■ Your instructions
The full set of entries is to be returned word for word.

■ Exercise data
(* Let $d\ge2$, $n\ge1$, $N=nd$, $F\in[0,1)$ with $F\ne 2^{-N}$, and $c=F-\frac{1-F}{2^N-1}$. Let $\rho_0$ be the $N$-qubit depolarized GHZ state with fidelity $F$, $\rho_x=U(x)\rho_0U(x)^\dagger$, and for $\alpha\in\mathbb{R}$ let $M(\alpha)=O(\alpha)^{\otimes N}$ with $O(\alpha)=e^{i\alpha}|1\rangle\langle0|+e^{-i\alpha}|0\rangle\langle1|$. Define the error-propagation variance at $x=0$, $$V(\alpha)=\frac{\langle M(\alpha)^2\rangle-\langle M(\alpha)\rangle^2}{\big|v_1\cdot\nabla_x\langle M(\alpha)\rangle\big|^2}\Bigg|_{x=0},\qquad \langle A\rangle=\mathrm{Tr}(\rho_xA),\ v_1=\tfrac{1}{\sqrt d}(1,\dots,1)^T,$$ for those $\alpha$ where the denominator is nonzero. Then the denominator is nonzero exactly when $\sin(nd\alpha)\neq0$, in which case $$V(\alpha)=\frac{1-c^2\cos^2(nd\alpha)}{d\,n^2c^2\sin^2(nd\alpha)};$$ $V$ attains its minimum exactly at $\alpha=\frac{(2l+1)\pi}{2nd}$, $l\in\mathbb{Z}$, with minimum value $\frac{1}{d\,c^2\,n^2}$. Moreover, for every $F\in[0,1]$, $d\,c^2>1$ if and only if $$F>\frac{2^{nd}+\sqrt d-1}{2^{nd}\sqrt d}.$$
   Context: Setting: $d$ nodes with $n$ qubits each, qubits labelled $(i,k)$; $U(x)=\exp[-i\sum_{i=0}^{d-1}x_iH_i]$ with $H_i=\frac12\sum_{k=0}^{n-1}\sigma_z^{(i,k)}$, $x\in\mathbb{R}^d$. The $N$-qubit depolarized GHZ state with fidelity $F$ is $F|\mathrm{GHZ}_N\rangle\langle\mathrm{GHZ}_N|+\frac{1-F}{2^N-1}(I-|\mathrm{GHZ}_N\rangle\langle\mathrm{GHZ}_N|)$, $|\mathrm{GHZ}_N\rangle=(|0\cdots0\rangle+|1\cdots1\rangle)/\sqrt2$. The parameter of interest is $\theta_1=v_1^Tx$; the directional derivative $v_1\cdot\nabla_x$ is the derivative with respect to $\theta_1$ at fixed values of the orthogonal complementary parameters. The value $1/(n^2)$ per sample is the variance of the optimal local (non-networked) strategy, so $dc^2>1$ means advantage over it. *)

theory Defs
  imports "HOL-Analysis.Analysis"
begin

■ Written answer
(* Let $d\ge2$, $n\ge1$, $N=nd$, $F\in[0,1)$ with $F\ne 2^{-N}$, and $c=F-\frac{1-F}{2^N-1}$. Let $\rho_0$ be the $N$-qubit depolarized GHZ state with fidelity $F$, $\rho_x=U(x)\rho_0U(x)^\dagger$, and for $\alpha\in\mathbb{R}$ let $M(\alpha)=O(\alpha)^{\otimes N}$ with $O(\alpha)=e^{i\alpha}|1\rangle\langle0|+e^{-i\alpha}|0\rangle\langle1|$. Define the error-propagation variance at $x=0$, $$V(\alpha)=\frac{\langle M(\alpha)^2\rangle-\langle M(\alpha)\rangle^2}{\big|v_1\cdot\nabla_x\langle M(\alpha)\rangle\big|^2}\Bigg|_{x=0},\qquad \langle A\rangle=\mathrm{Tr}(\rho_xA),\ v_1=\tfrac{1}{\sqrt d}(1,\dots,1)^T,$$ for those $\alpha$ where the denominator is nonzero. Then the denominator is nonzero exactly when $\sin(nd\alpha)\neq0$, in which case $$V(\alpha)=\frac{1-c^2\cos^2(nd\alpha)}{d\,n^2c^2\sin^2(nd\alpha)};$$ $V$ attains its minimum exactly at $\alpha=\frac{(2l+1)\pi}{2nd}$, $l\in\mathbb{Z}$, with minimum value $\frac{1}{d\,c^2\,n^2}$. Moreover, for every $F\in[0,1]$, $d\,c^2>1$ if and only if $$F>\frac{2^{nd}+\sqrt d-1}{2^{nd}\sqrt d}.$$
   Context: Setting: $d$ nodes with $n$ qubits each, qubits labelled $(i,k)$; $U(x)=\exp[-i\sum_{i=0}^{d-1}x_iH_i]$ with $H_i=\frac12\sum_{k=0}^{n-1}\sigma_z^{(i,k)}$, $x\in\mathbb{R}^d$. The $N$-qubit depolarized GHZ state with fidelity $F$ is $F|\mathrm{GHZ}_N\rangle\langle\mathrm{GHZ}_N|+\frac{1-F}{2^N-1}(I-|\mathrm{GHZ}_N\rangle\langle\mathrm{GHZ}_N|)$, $|\mathrm{GHZ}_N\rangle=(|0\cdots0\rangle+|1\cdots1\rangle)/\sqrt2$. The parameter of interest is $\theta_1=v_1^Tx$; the directional derivative $v_1\cdot\nabla_x$ is the derivative with respect to $\theta_1$ at fixed values of the orthogonal complementary parameters. The value $1/(n^2)$ per sample is the variance of the optimal local (non-networked) strategy, so $dc^2>1$ means advantage over it. *)

theory Defs
  imports "HOL-Analysis.Analysis"
begin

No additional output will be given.